Enable Fingerprint feature to avoid bot detection, the following is a basic fingerprint feature's config. For more advanced fingerprint feature descriptions, please refer to the Browser FingerprintNote: use_stealth needs to be set to true to enable the fingerprint feature

python

stealth_option = BrowserOption(
    use_stealth=True,
    fingerprint=BrowserFingerprint(
        devices=["desktop"],
        operating_systems=["windows"],
        locales=["en-US"]
    )
)

Browser Extensions

AGB supports loading Chrome extensions into browser sessions, allowing you to automate workflows that require specific browser functionality.

Uploading and Managing Extensions

Use the ExtensionsService to manage browser extensions:

python

from agb.extension import ExtensionsService

# Initialize extension service
extensions_service = ExtensionsService(agb, "my_browser_extensions")

# Upload an extension from a ZIP file
extension = extensions_service.create("/path/to/my-extension.zip")
print(f"Uploaded extension: {extension.id}")

# List all extensions
extensions = extensions_service.list()
for ext in extensions:
    print(f"Extension: {ext.id} - {ext.name}")

# Update an extension
updated_extension = extensions_service.update(extension.id, "/path/to/updated-extension.zip")

# Delete an extension
extensions_service.delete(extension.id)

Loading Extensions in Browser Sessions

To load extensions in a browser session, configure the session with extension options:

python

from agb.session_params import BrowserContext
from agb.extension import ExtensionOption

# Upload extensions
ext1 = extensions_service.create("/path/to/extension1.zip")
ext2 = extensions_service.create("/path/to/extension2.zip")

# Create extension option for browser integration
ext_option = extensions_service.create_extension_option([ext1.id, ext2.id])

# Create browser context with extensions
browser_context = BrowserContext(
    context_id="browser_session_with_extensions",
    auto_upload=True,
    extension_option=ext_option
)

# Create session with browser context
params = CreateSessionParams(
    image_id="agb-browser-use-1",
    browser_context=browser_context
)

session_result = agb.create(params)
session = session_result.session

# Initialize browser with extensions
browser_option = BrowserOption(
    extension_path="/tmp/extensions/"
)

success = await session.browser.initialize_async(browser_option)

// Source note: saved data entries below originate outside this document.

lemma inj_on_restrict_array_row_iff:
  fixes A :: "'a::comm_ring mat"
  defines "phi \<equiv> \<lambda>x. vec_times_mat x A"
  assumes A: "A \<in> carrier_mat s s" and D: "D \<subseteq> {0..<2 * s}"
  shows "inj_on (\<lambda>x. restrict (array_row s phi x) D) (words s)
    \<longleftrightarrow> (\<forall>x \<in> carrier_vec s. (\<forall>j\<in>D. array_row s phi x j = 0) \<longrightarrow> x = 0\<^sub>v s)"
proof
  assume inj: "inj_on (\<lambda>x. restrict (array_row s phi x) D) (words s)"
  have zero: "array_row s phi (0\<^sub>v s) j = 0" if "j \<in> D" for j
  proof -
    have "j < 2 * s" using that D by auto
    then show ?thesis using vec_times_mat_zero[OF A] unfolding phi_def array_row_def by simp
  qed
  show "\<forall>x \<in> carrier_vec s. (\<forall>j\<in>D. array_row s phi x j = 0) \<longrightarrow> x = 0\<^sub>v s"
  proof (intro ballI impI)
    fix x :: "'a vec" assume x: "x \<in> carrier_vec s" and "\<forall>j\<in>D. array_row s phi x j = 0"
    then have "restrict (array_row s phi x) D = restrict (array_row s phi (0\<^sub>v s)) D"
      by (intro restrict_ext) (simp add: zero)
    then show "x = 0\<^sub>v s"
      by (rule inj_onD[OF inj]) (use x in \<open>simp_all add: words_def\<close>)
  qed
next
  assume kernel: "\<forall>x \<in> carrier_vec s. (\<forall>j\<in>D. array_row s phi x j = 0) \<longrightarrow> x = 0\<^sub>v s"
  show "inj_on (\<lambda>x. restrict (array_row s phi x) D) (words s)"
  proof (rule inj_onI)
    fix x y assume "x \<in> words s" and "y \<in> words s"
      and eq: "restrict (array_row s phi x) D = restrict (array_row s phi y) D"
    then have x: "x \<in> carrier_vec s" and y: "y \<in> carrier_vec s" by (simp_all add: words_def)
    have "array_row s phi (x - y) j = 0" if "j \<in> D" for j
    proof -
      have "j < 2 * s" using that D by auto
      moreover have "array_row s phi x j = array_row s phi y j"
        using fun_cong[OF eq, of j] that by simp
      ultimately show ?thesis
        using array_row_vec_times_mat_minus[OF A x y] unfolding phi_def by simp
    qed
    then have diff: "x - y = 0\<^sub>v s"
      using kernel x y by simp
    show "x = y"
    proof (rule eq_vecI)
      fix i assume i: "i < dim_vec y"
      then have "(x - y) $ i = 0" using diff y by simp
      then show "x $ i = y $ i" using i by simp
    qed (use x y in simp)
  qed
qed

lemma unbiased_vec_times_mat_iff_kernel:
  fixes A :: "'a::{finite, comm_ring} mat"
  assumes A: "A \<in> carrier_mat s s" and I: "I \<subseteq> {0..<s}" and J: "J \<subseteq> {0..<s}"
    and card: "card I + card J = s"
  shows "unbiased s (\<lambda>x. vec_times_mat x A) (I \<union> (\<lambda>j. j + s) ` J)
    \<longleftrightarrow> (\<forall>x \<in> carrier_vec s. (\<forall>i\<in>I. x $ i = 0) \<and> (\<forall>j\<in>J. vec_times_mat x A $ j = 0)
          \<longrightarrow> x = 0\<^sub>v s)" (is "_ \<longleftrightarrow> ?kernel")
proof -
  let ?D = "I \<union> (\<lambda>j. j + s) ` J"
  have "finite I" "finite J" using I J finite_subset by auto
  moreover have "I \<inter> (\<lambda>j. j + s) ` J = {}" using I by auto
  ultimately have "card ?D = s"
    using card by (simp add: card_Un_disjoint card_image)
  then have "unbiased s (\<lambda>x. vec_times_mat x A) ?D
      \<longleftrightarrow> inj_on (\<lambda>x. restrict (array_row s (\<lambda>x. vec_times_mat x A) x) ?D) (words s)"
    using \<open>finite I\<close> \<open>finite J\<close> by (intro unbiased_iff_inj_on) auto
  also have "\<dots> \<longleftrightarrow> (\<forall>x \<in> carrier_vec s.
      (\<forall>j\<in>?D. array_row s (\<lambda>x. vec_times_mat x A) x j = 0) \<longrightarrow> x = 0\<^sub>v s)"
    using I J by (intro inj_on_restrict_array_row_iff[OF A]) auto
  also have "\<dots> \<longleftrightarrow> ?kernel"
  proof -
    have "\<forall>i\<in>I. array_row s (\<lambda>x. vec_times_mat x A) x i = x $ i" for x
      using I by (auto simp: array_row_def)
    moreover have "\<forall>j\<in>J. array_row s (\<lambda>x. vec_times_mat x A) x (j + s) = vec_times_mat x A $ j" for x
      by (simp add: array_row_def)
    ultimately show ?thesis by (simp add: ball_Un)
  qed
  finally show ?thesis .
qed

lemma card_less_in_set_less_card:
  fixes I :: "nat set"
  assumes "finite I" and "i \<in> I"
  shows "card {a\<in>I. a < i} < card I"
proof -
  have "{a\<in>I. a < i} \<subset> I"
  proof (rule psubsetI)
    show "{a\<in>I. a < i} \<noteq> I"
    proof
      assume "{a\<in>I. a < i} = I"
      then have "i \<in> {a\<in>I. a < i}" using assms(2) by simp
      then show False by simp
    qed
  qed auto
  then show ?thesis using assms(1) by (rule psubset_card_mono[rotated])
qed

lemma bij_betw_pick:
  assumes "finite I"
  shows "bij_betw (pick I) {0..<card I} I"
  by (rule bij_betw_byWitness[where f' = "\<lambda>i. card {a\<in>I. a < i}"])
    (auto simp: card_pick pick_card_in_set card_less_in_set_less_card assms pick_in_set)

lemma ball_pick_iff:
  assumes "finite I"
  shows "(\<forall>i\<in>I. P i) \<longleftrightarrow> (\<forall>a < card I. P (pick I a))"
proof
  assume "\<forall>i\<in>I. P i"
  then show "\<forall>a < card I. P (pick I a)" by (simp add: pick_in_set)
next
  assume all_picks: "\<forall>a < card I. P (pick I a)"
  show "\<forall>i\<in>I. P i"
  proof
    fix i assume "i \<in> I"
    then have "P (pick I (card {a\<in>I. a < i}))"
      using all_picks card_less_in_set_less_card[OF assms] by blast
    then show "P i" using pick_card_in_set[OF \<open>i \<in> I\<close>] by simp
  qed
qed

definition subvec :: "'a vec \<Rightarrow> nat set \<Rightarrow> 'a vec" where
  "subvec x I = vec (card I) (\<lambda>a. x $ pick I a)"

lemma submatrix_carrier_mat:
  assumes "A \<in> carrier_mat n m" and "I \<subseteq> {0..<n}" and "J \<subseteq> {0..<m}"
  shows "submatrix A I J \<in> carrier_mat (card I) (card J)"
proof -
  have "{i. i < n \<and> i \<in> I} = I" "{j. j < m \<and> j \<in> J} = J" using assms(2,3) by auto
  then show ?thesis using assms(1) dim_submatrix[of A I J] by auto
qed

lemma submatrix_index_subset:
  assumes "A \<in> carrier_mat n m" and "I \<subseteq> {0..<n}" and "J \<subseteq> {0..<m}"
    and "a < card I" and "b < card J"
  shows "submatrix A I J $$ (a, b) = A $$ (pick I a, pick J b)"
proof -
  have "{i. i < n \<and> i \<in> I} = I" "{j. j < m \<and> j \<in> J} = J" using assms(2,3) by auto
  then have "a < card {i. i < dim_row A \<and> i \<in> I}" "b < card {j. j < dim_col A \<and> j \<in> J}"
    using assms(1,4,5) by simp_all
  then show ?thesis by (rule submatrix_index)
qed

lemma submatrix_atLeast0LessThan:
  assumes A: "A \<in> carrier_mat n m"
  shows "submatrix A {0..<n} {0..<m} = A"
proof -
  have pick_id: "pick {0..<k} a = a" if "a < k" for a k
  proof -
    have "{b \<in> {0..<k}. b < a} = {0..<a}" using that by auto
    then show ?thesis using pick_card_in_set[of a "{0..<k}"] that by simp
  qed
  show ?thesis
  proof (rule eq_matI)
    fix i j assume "i < dim_row A" "j < dim_col A"
    then show "submatrix A {0..<n} {0..<m} $$ (i, j) = A $$ (i, j)"
      using A by (simp add: submatrix_index_subset[OF A order_refl order_refl] pick_id)
  qed (use submatrix_carrier_mat[OF A order_refl order_refl] A in auto)
qed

Working with Loaded Extensions

Once extensions are loaded, you can interact with them using Playwright:

python

# Connect to browser and check loaded extensions
endpoint_url = session.browser.get_endpoint_url()

async with async_playwright() as p:
    browser = await p.chromium.connect_over_cdp(endpoint_url)
    cdp_session = await browser.new_browser_cdp_session()

    # Get all targets to find loaded extensions
    targets = await cdp_session.send("Target.getTargets")

    for info in targets["targetInfos"]:
        url = info.get("url", "")
        if url.startswith("chrome-extension://"):
            ext_id = url.split("/")[2]
            print(f"Loaded extension: {ext_id} - {info.get('title')}")

    await cdp_session.detach()

Session Management

python

# Check browser status
if session.browser.is_initialized():
    print("Browser is ready")

# Get current configuration
current_option = session.browser.get_option()
if current_option:
    print(f"Using stealth: {current_option.use_stealth}")

Error Handling

python

from agb.exceptions import BrowserError

try:
    success = await session.browser.initialize_async(option)
    if not success:
        raise BrowserError("Failed to initialize browser")

    act_result = await session.browser.agent.act_async(ActOptions(
        action="Click the submit button"
    ), page)

    if not act_result.success:
        print(f"Action failed: {act_result.message}")

except BrowserError as e:
    print(f"Browser error: {e}")
except Exception as e:
    print(f"Unexpected error: {e}")

Best Practices

1. Resource Management

Always clean up resources properly:

python

try:
    # Your automation code here
    pass
finally:
    if 'browser' in locals():
        await browser.close()
    if 'session' in locals():
        agb.delete(session)

2. Timeout Configuration

Use appropriate timeouts for different operations:

python

# Quick interactions
quick_action = ActOptions(action="Click button")

# Form submissions
form_action = ActOptions(action="Submit form")

# Page navigation
nav_action = ActOptions(action="Navigate to next page")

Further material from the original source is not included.